Profundo director van Gelder, one of the report’s co-authors, emphasises the lack of a critical attitude on both sides of the investment community.

“Our main argument centred on the fact that the proceeds of the IPO will flow into the coffers of the ruling party in Malaysia, and this will undermine the political system even more than it already is,” he said. “But this argument is not of much interest to many investors because it does not threaten their own income … the stock brings a short-term profit, and if the issues around palm oil heat up, it can always be sold!”

Van Gelder also points out that the bankers involved the deal are mainly concerned with the short period before and after the IPO, the period in which the banks’ own money is at risk.

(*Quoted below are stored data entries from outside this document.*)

(* Dumas: of the terms of coeff (f * g) (i0 + j0), only f_i0 g_j0 has minimal weight. *)
lemma multiplicity_coeff_mult_last_argmin:
  fixes f g :: "'a::{factorial_semiring,idom} poly"
  assumes P: "prime_elem P" and l: "0 < l"
    and i0: "is_last_argmin (newton_weight P l f) {i. coeff f i \<noteq> 0} i0"
    and j0: "is_last_argmin (newton_weight P l g) {j. coeff g j \<noteq> 0} j0"
  shows "coeff (f * g) (i0 + j0) \<noteq> 0"
    and "multiplicity P (coeff (f * g) (i0 + j0)) = multiplicity P (coeff f i0) + multiplicity P (coeff g j0)"
proof -
  let ?v = "multiplicity P"
  define m where "m = i0 + j0"
  define N where "N = ?v (coeff f i0) + ?v (coeff g j0)"
  have nu: "\<not> is_unit P" using P by (simp add: prime_elem_not_unit)
  have "coeff f i0 \<noteq> 0" and "coeff g j0 \<noteq> 0"
    using i0 j0 unfolding is_last_argmin_def by auto
  then have N: "?v (coeff f i0 * coeff g j0) = N" and "coeff f i0 * coeff g j0 \<noteq> 0"
    unfolding N_def using prime_elem_multiplicity_mult_distrib[OF P] by simp_all
  have high: "P ^ Suc N dvd coeff f y * coeff g (m - y)" if "y \<le> m" "y \<noteq> i0" for y
    using power_dvd_coeff_off_last_argmin[OF P l i0 j0] that unfolding m_def N_def by simp
  have "P ^ N dvd coeff (f * g) m"
    unfolding coeff_mult
  proof (rule dvd_sum)
    fix y assume y: "y \<in> {..m}"
    show "P ^ N dvd coeff f y * coeff g (m - y)"
    proof (cases "y = i0")
      case True
      then show ?thesis
        using N multiplicity_dvd[of P "coeff f i0 * coeff g j0"] unfolding m_def by simp
    next
      case False
      then have "P ^ Suc N dvd coeff f y * coeff g (m - y)"
        using y by (intro high) auto
      then show ?thesis
        by (rule dvd_trans[rotated]) (rule le_imp_power_dvd, simp)
    qed
  qed
  moreover have "\<not> P ^ Suc N dvd coeff (f * g) m"
    unfolding coeff_mult
  proof (rule not_dvd_sum_single[where x = i0])
    show "\<not> P ^ Suc N dvd coeff f i0 * coeff g (m - i0)"
      using N \<open>coeff f i0 * coeff g j0 \<noteq> 0\<close> nu
        power_dvd_iff_le_multiplicity[of "coeff f i0 * coeff g j0" P "Suc N"]
      unfolding m_def by simp
    show "P ^ Suc N dvd coeff f y * coeff g (m - y)" if "y \<in> {..m}" "y \<noteq> i0" for y
      using that by (intro high) auto
  qed (simp_all add: m_def)
  ultimately show "coeff (f * g) (i0 + j0) \<noteq> 0"
    and "?v (coeff (f * g) (i0 + j0)) = ?v (coeff f i0) + ?v (coeff g j0)"
    using multiplicity_eqI[of P N "coeff (f * g) m"] unfolding m_def N_def by auto
qed
(* Given a field $F$ and a positive integer $n$, there is a finite group $H$ such that the group ring $F[H]$ has a subring isomorphic to the matrix algebra $M_n(F)$. *)

theory Defs
  imports "HOL-Algebra.Group"
begin

text \<open>Group ring F[H] of a finite group H (HOL-Algebra structure) over a field 'a:
  elements are functions carrier H \<rightarrow> F, represented as functions vanishing
  outside carrier H; addition pointwise, multiplication is convolution.\<close>

definition grp_ring_carrier :: "('g, 'b) monoid_scheme \<Rightarrow> ('g \<Rightarrow> 'a::field) set" where
  "grp_ring_carrier H = {f. \<forall>x. x \<notin> carrier H \<longrightarrow> f x = 0}"

definition grp_ring_add :: "('g \<Rightarrow> 'a::field) \<Rightarrow> ('g \<Rightarrow> 'a) \<Rightarrow> ('g \<Rightarrow> 'a)" where
  "grp_ring_add f g = (\<lambda>x. f x + g x)"

definition grp_ring_mult :: "('g, 'b) monoid_scheme \<Rightarrow> ('g \<Rightarrow> 'a::field) \<Rightarrow> ('g \<Rightarrow> 'a) \<Rightarrow> ('g \<Rightarrow> 'a)" where
  "grp_ring_mult H f g =
     (\<lambda>x. if x \<in> carrier H then (\<Sum>y\<in>carrier H. f y * g (inv\<^bsub>H\<^esub> y \<otimes>\<^bsub>H\<^esub> x)) else 0)"

text \<open>A (not necessarily unital) subring of F[H]: contains 0, closed under
  addition, negation and multiplication.\<close>

definition grp_ring_subring :: "('g, 'b) monoid_scheme \<Rightarrow> ('g \<Rightarrow> 'a::field) set \<Rightarrow> bool" where
  "grp_ring_subring H S \<longleftrightarrow>
     S \<subseteq> grp_ring_carrier H \<and> (\<lambda>_. 0) \<in> S \<and>
     (\<forall>f\<in>S. \<forall>g\<in>S. grp_ring_add f g \<in> S \<and> grp_ring_mult H f g \<in> S) \<and>
     (\<forall>f\<in>S. (\<lambda>x. - f x) \<in> S)"

definition mat_carrier :: "nat \<Rightarrow> (nat \<Rightarrow> nat \<Rightarrow> 'a::field) set" where
  "mat_carrier n = {A. \<forall>i j. \<not> (i < n \<and> j < n) \<longrightarrow> A i j = 0}"

definition mat_add :: "(nat \<Rightarrow> nat \<Rightarrow> 'a::field) \<Rightarrow> (nat \<Rightarrow> nat \<Rightarrow> 'a) \<Rightarrow> (nat \<Rightarrow> nat \<Rightarrow> 'a)" where
  "mat_add A B = (\<lambda>i j. A i j + B i j)"

definition mat_mult :: "nat \<Rightarrow> (nat \<Rightarrow> nat \<Rightarrow> 'a::field) \<Rightarrow> (nat \<Rightarrow> nat \<Rightarrow> 'a) \<Rightarrow> (nat \<Rightarrow> nat \<Rightarrow> 'a)" where
  "mat_mult n A B = (\<lambda>i j. if i < n \<and> j < n then (\<Sum>k<n. A i k * B k j) else 0)"

end

theory Submission
  imports Defs "HOL-Algebra.Weak_Morphisms"
begin

text \<open>
  Choose \<open>q \<ge> 2\<close> invertible in \<open>F\<close> and let \<open>H = A \<rtimes> \<int>/n\<close> with \<open>A = (\<int>/q)\<^sup>n\<close>, where
  \<open>\<int>/n\<close> acts by rotating coordinates. Writing \<open>\<epsilon>\<^sub>X\<close> for the averaging idempotent of a
  subgroup \<open>X\<close> and \<open>K\<^sub>i = {w. w\<^sub>i = 0}\<close>, the elements \<open>e\<^sub>i = \<epsilon>\<^sub>K\<^sub>i - \<epsilon>\<^sub>A\<close> are pairwise
  orthogonal idempotents of \<open>F[A]\<close>, since \<open>K\<^sub>i K\<^sub>i' = A\<close> for \<open>i \<noteq> i'\<close>; the rotation \<open>s\<close> permutes
  them cyclically. Hence \<open>E\<^sub>i\<^sub>j = e\<^sub>i s\<^sup>j\<^sup>-\<^sup>i\<close> is a system of nonzero matrix units in \<open>F[H]\<close>, and
  \<open>A \<mapsto> \<Sum> A\<^sub>i\<^sub>j E\<^sub>i\<^sub>j\<close> embeds \<open>M\<^sub>n(F)\<close>. To obtain a group whose carrier lies in \<open>nat\<close>, the
  matrix units are finally transported along an isomorphism.
\<close>

section \<open>Matrix units in group rings\<close>

lemma grp_ring_mult_sum:
  "grp_ring_mult H (\<lambda>x. \<Sum>i\<in>I. f i x) (\<lambda>x. \<Sum>j\<in>J. g j x)
     = (\<lambda>x. \<Sum>i\<in>I. \<Sum>j\<in>J. grp_ring_mult H (f i) (g j) x)" (is "?L = ?R")
proof
  fix x
  show "?L x = ?R x"
  proof (cases "x \<in> carrier H")
    case True
    let ?z = "\<lambda>y. inv\<^bsub>H\<^esub> y \<otimes>\<^bsub>H\<^esub> x"
    have "?L x = (\<Sum>y\<in>carrier H. \<Sum>i\<in>I. \<Sum>j\<in>J. f i y * g j (?z y))"
      using True by (simp add: grp_ring_mult_def sum_product)
    also have "\<dots> = (\<Sum>i\<in>I. \<Sum>j\<in>J. \<Sum>y\<in>carrier H. f i y * g j (?z y))"
      by (subst sum.swap) (simp add: sum.swap[of _ "carrier H"])
    also have "\<dots> = ?R x"
      using True by (simp add: grp_ring_mult_def)
    finally show ?thesis .
  qed (simp add: grp_ring_mult_def)
qed

lemma grp_ring_mult_scale:
  "grp_ring_mult H (\<lambda>x. a * f x) (\<lambda>x. b * g x) = (\<lambda>x. a * b * grp_ring_mult H f g x)"
  by (auto simp: grp_ring_mult_def sum_distrib_left mult_ac)

definition matrix_units ::
    "('g, 'b) monoid_scheme \<Rightarrow> nat \<Rightarrow> (nat \<Rightarrow> nat \<Rightarrow> 'g \<Rightarrow> 'a::field) \<Rightarrow> bool" where
  "matrix_units H n E \<longleftrightarrow>
     (\<forall>i<n. \<forall>j<n. E i j \<in> grp_ring_carrier H \<and> E i j \<noteq> (\<lambda>_. 0)) \<and>
     (\<forall>i<n. \<forall>j<n. \<forall>k<n. \<forall>l<n.
        grp_ring_mult H (E i j) (E k l) = (if j = k then E i l else (\<lambda>_. 0)))"

definition grp_ring_of_mat ::
    "nat \<Rightarrow> (nat \<Rightarrow> nat \<Rightarrow> 'g \<Rightarrow> 'a::field) \<Rightarrow> (nat \<Rightarrow> nat \<Rightarrow> 'a) \<Rightarrow> 'g \<Rightarrow> 'a" where
  "grp_ring_of_mat n E A = (\<lambda>x. \<Sum>i<n. \<Sum>j<n. A i j * E i j x)"

lemma grp_ring_of_mat_add:
  "grp_ring_of_mat n E (mat_add A B) = grp_ring_add (grp_ring_of_mat n E A) (grp_ring_of_mat n E B)"
  by (simp add: grp_ring_of_mat_def grp_ring_add_def mat_add_def distrib_right sum.distrib)

lemma grp_ring_of_mat_mult:
  assumes "matrix_units H n E"
  shows "grp_ring_of_mat n E (mat_mult n A B)
       = grp_ring_mult H (grp_ring_of_mat n E A) (grp_ring_of_mat n E B)"
proof -
  have B: "grp_ring_of_mat n E B = (\<lambda>x. \<Sum>l<n. \<Sum>k<n. B k l * E k l x)"
    unfolding grp_ring_of_mat_def by (subst sum.swap) simp
  have "grp_ring_mult H (grp_ring_of_mat n E A) (grp_ring_of_mat n E B)
      = (\<lambda>x. \<Sum>i<n. \<Sum>l<n. \<Sum>j<n. \<Sum>k<n. A i j * B k l * grp_ring_mult H (E i j) (E k l) x)"
    by (subst B) (simp add: grp_ring_of_mat_def grp_ring_mult_sum grp_ring_mult_scale)
  also have "\<dots> = (\<lambda>x. \<Sum>i<n. \<Sum>l<n. \<Sum>j<n. A i j * B j l * E i l x)"
    using assms
    by (simp add: matrix_units_def if_distrib[of "\<lambda>F. F _"] if_distrib[of "(*) _"] cong: if_cong)
  also have "\<dots> = grp_ring_of_mat n E (mat_mult n A B)"
    by (simp add: grp_ring_of_mat_def mat_mult_def sum_distrib_right)
  finally show ?thesis ..
qed

definition mat_single :: "nat \<Rightarrow> nat \<Rightarrow> 'a::field \<Rightarrow> nat \<Rightarrow> nat \<Rightarrow> 'a" where
  "mat_single k l c = (\<lambda>i j. if i = k \<and> j = l then c else 0)"

lemma mat_mult_single_left:
  assumes "A \<in> mat_carrier n" "k < n"
  shows "mat_mult n (mat_single k k 1) A = (\<lambda>i j. if i = k then A k j else 0)"
  using assms
  by (auto simp: mat_mult_def mat_single_def mat_carrier_def fun_eq_iff
      if_distrib[of "\<lambda>x. x * y" for y] cong: if_cong)

lemma mat_mult_single_right:
  assumes "A \<in> mat_carrier n" "l < n"
  shows "mat_mult n A (mat_single l l 1) = (\<lambda>i j. if j = l then A i l else 0)"
  using assms
  by (auto simp: mat_mult_def mat_single_def mat_carrier_def fun_eq_iff
      if_distrib[of "\<lambda>x. y * x" for y] cong: if_cong)

lemma mat_mult_single_sandwich:
  assumes "A \<in> mat_carrier n" "k < n" "l < n"
  shows "mat_mult n (mat_mult n (mat_single k k 1) A) (mat_single l l 1) = mat_single k l (A k l)"
proof -
  have "(\<lambda>i j. if i = k then A k j else 0) \<in> mat_carrier n"
    using assms by (simp add: mat_carrier_def)
  then show ?thesis
    using assms by (simp add: mat_mult_single_left mat_mult_single_right) (auto simp: mat_single_def)
qed

lemma grp_ring_of_mat_single:
  assumes "k < n" "l < n"
  shows "grp_ring_of_mat n E (mat_single k l c) = (\<lambda>x. c * E k l x)"
proof
  fix x
  have "(\<Sum>j<n. mat_single k l c i j * E i j x) = (if i = k then c * E k l x else 0)" for i
    using assms
    by (cases "i = k") (simp_all add: mat_single_def if_distrib[of "\<lambda>x. x * y" for y] cong: if_cong)
  then show "grp_ring_of_mat n E (mat_single k l c) x = c * E k l x"
    using assms by (simp add: grp_ring_of_mat_def)
qed

lemma inj_on_grp_ring_of_mat:
  assumes E: "matrix_units H n E"
  shows "inj_on (grp_ring_of_mat n E) (mat_carrier n)"
proof (rule inj_onI, rule ext, rule ext)
  fix A B k l
  assume A: "A \<in> mat_carrier n" and B: "B \<in> mat_carrier n"
    and eq: "grp_ring_of_mat n E A = grp_ring_of_mat n E B"
  show "A k l = B k l"
  proof (cases "k < n \<and> l < n")
    case True
    then have kl: "k < n" "l < n" by auto
    let ?P = "mat_single k k 1" and ?Q = "mat_single l l 1"
    have "grp_ring_of_mat n E (mat_mult n (mat_mult n ?P A) ?Q)
        = grp_ring_of_mat n E (mat_mult n (mat_mult n ?P B) ?Q)"
      by (simp only: grp_ring_of_mat_mult[OF E] eq)
    then have scaled: "(\<lambda>x. A k l * E k l x) = (\<lambda>x. B k l * E k l x)"
      using A B kl by (simp only: mat_mult_single_sandwich grp_ring_of_mat_single)
    have "E k l \<noteq> (\<lambda>_. 0)"
      using E kl by (simp add: matrix_units_def)
    then obtain x where "E k l x \<noteq> 0"
      by auto
    moreover have "A k l * E k l x = B k l * E k l x"
      using fun_cong[OF scaled, of x] by simp
    ultimately show ?thesis
      by simp
  next
    case False
    then show ?thesis
      using A B by (simp add: mat_carrier_def)
  qed
qed

lemma matrix_units_imp_mat_subring:
  fixes E :: "nat \<Rightarrow> nat \<Rightarrow> 'g \<Rightarrow> 'a::field"
  assumes E: "matrix_units H n E"
  shows "\<exists>S :: ('g \<Rightarrow> 'a) set. grp_ring_subring H S \<and>
           (\<exists>\<phi>. bij_betw \<phi> (mat_carrier n :: (nat \<Rightarrow> nat \<Rightarrow> 'a) set) S \<and>
              (\<forall>A\<in>mat_carrier n. \<forall>B\<in>mat_carrier n.
                 \<phi> (mat_add A B) = grp_ring_add (\<phi> A) (\<phi> B) \<and>
                 \<phi> (mat_mult n A B) = grp_ring_mult H (\<phi> A) (\<phi> B)))"
proof -
  let ?\<phi> = "grp_ring_of_mat n E"
  have "?\<phi> ` mat_carrier n \<subseteq> grp_ring_carrier H"
    using E by (auto simp: matrix_units_def grp_ring_carrier_def grp_ring_of_mat_def)
  moreover have "(\<lambda>_. 0) = ?\<phi> (\<lambda>_ _. 0)" "(\<lambda>_ _. 0) \<in> mat_carrier n"
    by (simp_all add: grp_ring_of_mat_def mat_carrier_def)
  moreover have "(\<lambda>x. - ?\<phi> A x) = ?\<phi> (\<lambda>i j. - A i j)" "(\<lambda>i j. - A i j) \<in> mat_carrier n"
    if "A \<in> mat_carrier n" for A
    using that by (simp_all add: grp_ring_of_mat_def mat_carrier_def sum_negf)
  moreover have "mat_add A B \<in> mat_carrier n" "mat_mult n A B \<in> mat_carrier n"
    if "A \<in> mat_carrier n" "B \<in> mat_carrier n" for A B :: "nat \<Rightarrow> nat \<Rightarrow> 'a"
    using that by (simp_all add: mat_carrier_def mat_add_def mat_mult_def)
  ultimately have "grp_ring_subring H (?\<phi> ` mat_carrier n)"
    unfolding grp_ring_subring_def
    by (auto simp flip: grp_ring_of_mat_add grp_ring_of_mat_mult[OF E])
  moreover have "bij_betw ?\<phi> (mat_carrier n) (?\<phi> ` mat_carrier n)"
    using inj_on_grp_ring_of_mat[OF E] by (simp add: bij_betw_def)
  ultimately show ?thesis
    by (intro exI[of _ "?\<phi> ` mat_carrier n"] exI[of _ ?\<phi>] conjI ballI)
       (simp_all add: grp_ring_of_mat_add grp_ring_of_mat_mult[OF E])
qed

“They are not so much concerned about longer-term issues nor where the proceeds of the IPO will go,” he said. “Their objective is to sell as many shares as they can now, to earn their fees and get out of here and get on to another job.”

Despite reservations, Felda’s shares have yet to drop beneath their debut price of RM5.30. The presence of cornerstone investors, which vacuum up most of the shares and commit to a lock-up period of 180 days, contribute to this short-term stability — as do the stock’s low allocations, which meant a lot of squabbling for the relatively few shares available on the open market, temporarily boosting prices. Traders also say the upcoming Malaysian general election skews valuations, making it almost certain that government-linked companies will outperform in the short to medium term.

The long term, however, is another matter. There are serious doubts over Felda’s ageing plantations and the pace of its replanting activities. But it is hard to tell which would be worse — for Felda shares to tank, dragging with them the Malaysian economy and the work of multiple generations of settlers, or for them to soar, justifying a history of bullying and bowdlerisation.